What CritterWatch needs from Datadog

  • A Datadog API Key and a Datadog Application Key (two distinct credentials)
  • The site your account is hosted on — us1 / us3 / us5 / eu1 / ap1
  • Your Wolverine services already shipping OTel spans to Datadog (CritterWatch does not enroll services into APM — it only queries traces that are already there)

Where to get the keys: in your Datadog account, Organization Settings → API Keys for the API key and Organization Settings → Application Keys for the application key. The application key only needs read access to the APM Read scope; CritterWatch never writes to Datadog.

How to wire it up

In your CritterWatch host startup (typically CritterWatchBff/Program.cs):

csharp
services.AddCritterWatchTraceProvider<DataDogTraceProvider, DataDogTraceProviderOptions>(
    "datadog",
    opts =>
    {
        opts.ApiKey = builder.Configuration["Datadog:ApiKey"]!;
        opts.AppKey = builder.Configuration["Datadog:AppKey"]!;
        opts.Site   = builder.Configuration["Datadog:Site"] ?? "us1";
    });

Use the same secret store you already use for the rest of your service configuration — environment variables, Azure Key Vault, AWS Secrets Manager, Kubernetes sealed secrets, etc. CritterWatch never persists the API or app keys; they live in IConfiguration and only the active HTTP client knows them.
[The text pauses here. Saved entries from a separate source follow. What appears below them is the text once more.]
lemma rel_R4_dprod_right:
  assumes L: "geometric_lattice L" and r: "rel_R4 L (E2, i2, J2)" and d: "modular_diagram L (E1, i1, J1)"
  shows "rel_R4 L (dprod L (E1, i1, J1) (E2, i2, J2))"
proof -
  have d2: "modular_diagram L (E2, i2, J2)" using r unfolding rel_R4_def by simp
  interpret pushout_ext L E1 i1 E2 i2 using pushout_ext_if_modular_diagrams[OF L d d2] .
  obtain B1 B2 \<psi> where B: "finite_lattice B1" "finite_lattice B2" "nontrivial B1" "nontrivial B2"
    "order_iso_prod E2 B1 B2 \<psi>" "snd (\<psi> (F_iota L i2)) = bot B2"
    using r unfolding rel_R4_def by auto
  obtain A \<psi>' where A: "finite_lattice A" "nontrivial A" "order_iso_prod (pushout L E2 i2 E1 i1) A B2 \<psi>'"
    "snd (\<psi>' (F_iota L (iota12 i2 i1))) = bot B2"
    using pushout_product_split[OF L modular_diagramD(1)[OF d2] modular_diagramD(1)[OF d] B(1-3,5,6)] .
  have "order_iso_prod P A B2 (\<psi>' \<circ> swap_code)" using order_iso_prod_swap[OF A(3)] .
  moreover have "snd ((\<psi>' \<circ> swap_code) (F_iota L (iota12 i1 i2))) = bot B2"
    using A(4) unfolding F_iota_def iota12_def by simp
  ultimately show ?thesis
    unfolding rel_R4_def dprod_eq using modular_diagram_dprod[OF L d d2, unfolded dprod_eq] A(1,2) B(2,4)
    by blast
qed

section \<open>Bilinear extension\<close>

definition respects_relations :: "'a lat \<Rightarrow> ('a mdiag \<Rightarrow> 'a mdiag) \<Rightarrow> bool" where
  "respects_relations L f \<longleftrightarrow>
     (\<forall>\<Gamma> \<Gamma>'. rel_R1 L \<Gamma> \<Gamma>' \<longrightarrow> rel_R1 L (f \<Gamma>) (f \<Gamma>'))
   \<and> (\<forall>\<Gamma> \<Gamma>'. rel_R2 L \<Gamma> \<Gamma>' \<longrightarrow> rel_R2 L (f \<Gamma>) (f \<Gamma>'))
   \<and> (\<forall>\<Gamma>. rel_R3 L \<Gamma> \<longrightarrow> rel_R3 L (f \<Gamma>))
   \<and> (\<forall>\<Gamma>. rel_R4 L \<Gamma> \<longrightarrow> rel_R4 L (f \<Gamma>))
   \<and> (\<forall>\<Gamma>. rel_R5 L \<Gamma> \<longrightarrow> rel_R5 L (f \<Gamma>))"

lemma respects_relations_dprod_left:
  assumes L: "geometric_lattice L" and d: "modular_diagram L (E2, i2, J2)"
  shows "respects_relations L (\<lambda>\<Gamma>. dprod L \<Gamma> (E2, i2, J2))"
  unfolding respects_relations_def split_paired_All
  using rel_R1_dprod_left[OF L _ d] rel_R2_dprod[OF L _ rel_R2_refl[OF d]] rel_R3_dprod_left[OF L _ d]
    rel_R4_dprod_left[OF L _ d] rel_R5_dprod_left[OF L _ d]
  by blast

lemma respects_relations_dprod_right:
  assumes L: "geometric_lattice L" and d: "modular_diagram L (E1, i1, J1)"
  shows "respects_relations L (\<lambda>\<Gamma>. dprod L (E1, i1, J1) \<Gamma>)"
  unfolding respects_relations_def split_paired_All
  using rel_R1_dprod_right[OF L _ d] rel_R2_dprod[OF L rel_R2_refl[OF d]] rel_R3_dprod_right[OF L _ d]
    rel_R4_dprod_right[OF L _ d] rel_R5_dprod_right[OF L _ d]
  by blast

definition lin_map :: "('b \<Rightarrow> 'c) \<Rightarrow> ('b \<Rightarrow> rat) \<Rightarrow> 'c \<Rightarrow> rat" where
  "lin_map f u = (\<lambda>y. \<Sum>x\<in>supp u. u x * delta (f x) y)"

lemma lin_map_eq_sum:
  assumes "finite A" "supp u \<subseteq> A"
  shows "lin_map f u = (\<lambda>y. \<Sum>x\<in>A. u x * delta (f x) y)"
  unfolding lin_map_def
  by (intro ext sum.mono_neutral_left assms) (auto simp: supp_def)

lemma supp_add: "supp (\<lambda>x. u x + w x) \<subseteq> supp u \<union> supp w"
  and supp_diff: "supp (\<lambda>x. u x - w x) \<subseteq> supp u \<union> supp w"
  and supp_smult: "supp (\<lambda>x. c * u x) \<subseteq> supp u"
  and supp_delta: "supp (delta x) = {x}"
  unfolding supp_def delta_def by auto

lemma lin_map_add:
  assumes "finite (supp u)" "finite (supp w)"
  shows "lin_map f (\<lambda>x. u x + w x) = (\<lambda>y. lin_map f u y + lin_map f w y)"
proof -
  have "finite (supp u \<union> supp w)" using assms by simp
  then show ?thesis
    using lin_map_eq_sum[of "supp u \<union> supp w" "\<lambda>x. u x + w x" f] lin_map_eq_sum[of "supp u \<union> supp w" u f]
      lin_map_eq_sum[of "supp u \<union> supp w" w f] supp_add[of u w]
    by (simp add: sum.distrib ring_distribs)
qed

lemma lin_map_diff:
  assumes "finite (supp u)" "finite (supp w)"
  shows "lin_map f (\<lambda>x. u x - w x) = (\<lambda>y. lin_map f u y - lin_map f w y)"
proof -
  have "finite (supp u \<union> supp w)" using assms by simp
  then show ?thesis
    using lin_map_eq_sum[of "supp u \<union> supp w" "\<lambda>x. u x - w x" f] lin_map_eq_sum[of "supp u \<union> supp w" u f]
      lin_map_eq_sum[of "supp u \<union> supp w" w f] supp_diff[of u w]
    by (simp add: sum_subtractf left_diff_distrib)
qed

lemma lin_map_smult: "finite (supp u) \<Longrightarrow> lin_map f (\<lambda>x. c * u x) = (\<lambda>y. c * lin_map f u y)"
  using lin_map_eq_sum[of "supp u" "\<lambda>x. c * u x" f] supp_smult[of c u]
  by (simp add: lin_map_def sum_distrib_left mult.assoc)

lemma lin_map_delta: "lin_map f (delta x) = delta (f x)"
  unfolding lin_map_def supp_delta by (simp add: delta_def)

lemma rel_span_finite_supp: "u \<in> rel_span L \<Longrightarrow> finite (supp u)"
proof (induction rule: rel_span.induct)
  case zero
  then show ?case unfolding supp_def by simp
next
  case (add u v)
  then show ?case by (intro finite_subset[OF supp_add]) simp
next
  case (smult u c)
  then show ?case by (intro finite_subset[OF supp_smult])
next
  case (R1 \<Gamma> \<Gamma>')
  then show ?case by (intro finite_subset[OF supp_add]) (simp add: supp_delta)
next
  case (R2 \<Gamma> \<Gamma>')
  then show ?case by (intro finite_subset[OF supp_diff]) (simp add: supp_delta)
qed (simp_all add: supp_delta)

lemma lin_map_rel_span:
  assumes f: "respects_relations L f" and u: "u \<in> rel_span L"
  shows "lin_map f u \<in> rel_span L"
  using u
proof (induction rule: rel_span.induct)
  case zero
  have "lin_map f (\<lambda>_. 0) = (\<lambda>_. 0)" unfolding lin_map_def supp_def by simp
  then show ?case using rel_span.zero by simp
next
  case (add u w)
  show ?case
    unfolding lin_map_add[OF rel_span_finite_supp[OF add.hyps(1)] rel_span_finite_supp[OF add.hyps(2)]]
    using rel_span.add[OF add.IH] .
next
  case (smult u c)
  show ?case
    unfolding lin_map_smult[OF rel_span_finite_supp[OF smult.hyps]] using rel_span.smult[OF smult.IH] .
next
  case (R1 \<Gamma> \<Gamma>')
  then have "rel_R1 L (f \<Gamma>) (f \<Gamma>')" using f unfolding respects_relations_def by blast
  then show ?case
    unfolding lin_map_add[of "delta \<Gamma>" "delta \<Gamma>'", unfolded supp_delta, simplified] lin_map_delta
    by (rule rel_span.R1)
next
  case (R2 \<Gamma> \<Gamma>')
  then have "rel_R2 L (f \<Gamma>) (f \<Gamma>')" using f unfolding respects_relations_def by blast
  then show ?case
    unfolding lin_map_diff[of "delta \<Gamma>" "delta \<Gamma>'", unfolded supp_delta, simplified] lin_map_delta
    by (rule rel_span.R2)
next
  case (R3 \<Gamma>)
  then show ?case using f rel_span.R3 unfolding respects_relations_def lin_map_delta by blast
next
  case (R4 \<Gamma>)
  then show ?case using f rel_span.R4 unfolding respects_relations_def lin_map_delta by blast
next
  case (R5 \<Gamma>)
  then show ?case using f rel_span.R5 unfolding respects_relations_def lin_map_delta by blast
qed

lemma sum_in_rel_span:
  "finite B \<Longrightarrow> (\<And>b. b \<in> B \<Longrightarrow> f b \<in> rel_span L) \<Longrightarrow> (\<lambda>x. \<Sum>b\<in>B. g b * f b x) \<in> rel_span L"
proof (induction B rule: finite_induct)
  case empty
  then show ?case using rel_span.zero by simp
next
  case (insert b B)
  then have "(\<lambda>x. g b * f b x + (\<Sum>b\<in>B. g b * f b x)) \<in> rel_span L"
    using rel_span.add[OF rel_span.smult] by blast
  then show ?case using insert by simp
qed

lemma vprod_eq_sum:
  assumes "finite (supp u)" "finite (supp v)"
  shows "vprod L u v = (\<lambda>\<Delta>. \<Sum>a\<in>supp u. \<Sum>b\<in>supp v. u a * v b * delta (dprod L a b) \<Delta>)"
proof
  fix \<Delta>
  have fin: "finite (supp u \<times> supp v)" using assms by simp
  have "vprod L u v \<Delta>
      = (\<Sum>p\<in>supp u \<times> supp v. if dprod L (fst p) (snd p) = \<Delta> then u (fst p) * v (snd p) else 0)"
    unfolding vprod_def using sum.inter_filter[OF fin] by simp
  also have "\<dots> = (\<Sum>p\<in>supp u \<times> supp v. u (fst p) * v (snd p) * delta (dprod L (fst p) (snd p)) \<Delta>)"
    by (rule sum.cong) (auto simp: delta_def)
  finally show "vprod L u v \<Delta> = (\<Sum>a\<in>supp u. \<Sum>b\<in>supp v. u a * v b * delta (dprod L a b) \<Delta>)"
    by (simp add: sum.cartesian_product case_prod_unfold)
qed

lemma vprod_eq_sum_lin_map:
  assumes "finite (supp u)" "finite (supp v)"
  shows "vprod L u v = (\<lambda>\<Delta>. \<Sum>b\<in>supp v. v b * lin_map (\<lambda>a. dprod L a b) u \<Delta>)"
    and "vprod L v u = (\<lambda>\<Delta>. \<Sum>b\<in>supp v. v b * lin_map (\<lambda>a. dprod L b a) u \<Delta>)"
  using vprod_eq_sum[OF assms] vprod_eq_sum[OF assms(2,1)]
  by (auto simp: lin_map_def sum_distrib_left mult_ac intro: sum.swap)

theorem mainTheorem7:
  fixes L :: "'a lat" and u v :: "'a mdiag \<Rightarrow> rat"
  assumes "geometric_lattice L" and "nontrivial L"
    and "u \<in> free_MD L" and "v \<in> free_MD L"
    and "u \<in> rel_span L"
  shows "vprod L u v \<in> rel_span L \<and> vprod L v u \<in> rel_span L"
proof -
  have v: "finite (supp v)" "\<And>b. b \<in> supp v \<Longrightarrow> modular_diagram L b"
    using assms(4) unfolding free_MD_def by auto
  have u: "finite (supp u)" using rel_span_finite_supp assms(5) .
  have pushforward: "lin_map (\<lambda>a. dprod L a b) u \<in> rel_span L"
    "lin_map (\<lambda>a. dprod L b a) u \<in> rel_span L"
    if "b \<in> supp v" for b
    using lin_map_rel_span assms(1,5) v(2)[OF that] prod_cases3[of b]
      respects_relations_dprod_left respects_relations_dprod_right by metis+
  show ?thesis
    unfolding vprod_eq_sum_lin_map[OF u v(1)]
    using sum_in_rel_span[OF v(1), of "\<lambda>b. lin_map (\<lambda>a. dprod L a b) u" L v]
      sum_in_rel_span[OF v(1), of "\<lambda>b. lin_map (\<lambda>a. dprod L b a) u" L v] pushforward by simp
qed

end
The Site value maps to the API base URL:

SettingAPI base URL
us1 (default)https://api.datadoghq.com
us3https://api.us3.datadoghq.com
us5https://api.us5.datadoghq.com
eu1https://api.datadoghq.eu
ap1https://api.ap1.datadoghq.com

Per-service routing

By default a registered provider is used for every monitored service. To route a specific service somewhere else (e.g. dev services use Jaeger, prod uses Datadog), the monitored service can declare its preferred provider in its Wolverine.CritterWatch wire-up:

csharp
services.AddCritterWatchMonitoring(opts =>
{
    opts.TraceProvider("datadog");
});

That string is the same name you registered in the CritterWatch host. The pushed value becomes the active binding unless the operator overrides it in Settings — see Settings → Service Bindings for the override flow.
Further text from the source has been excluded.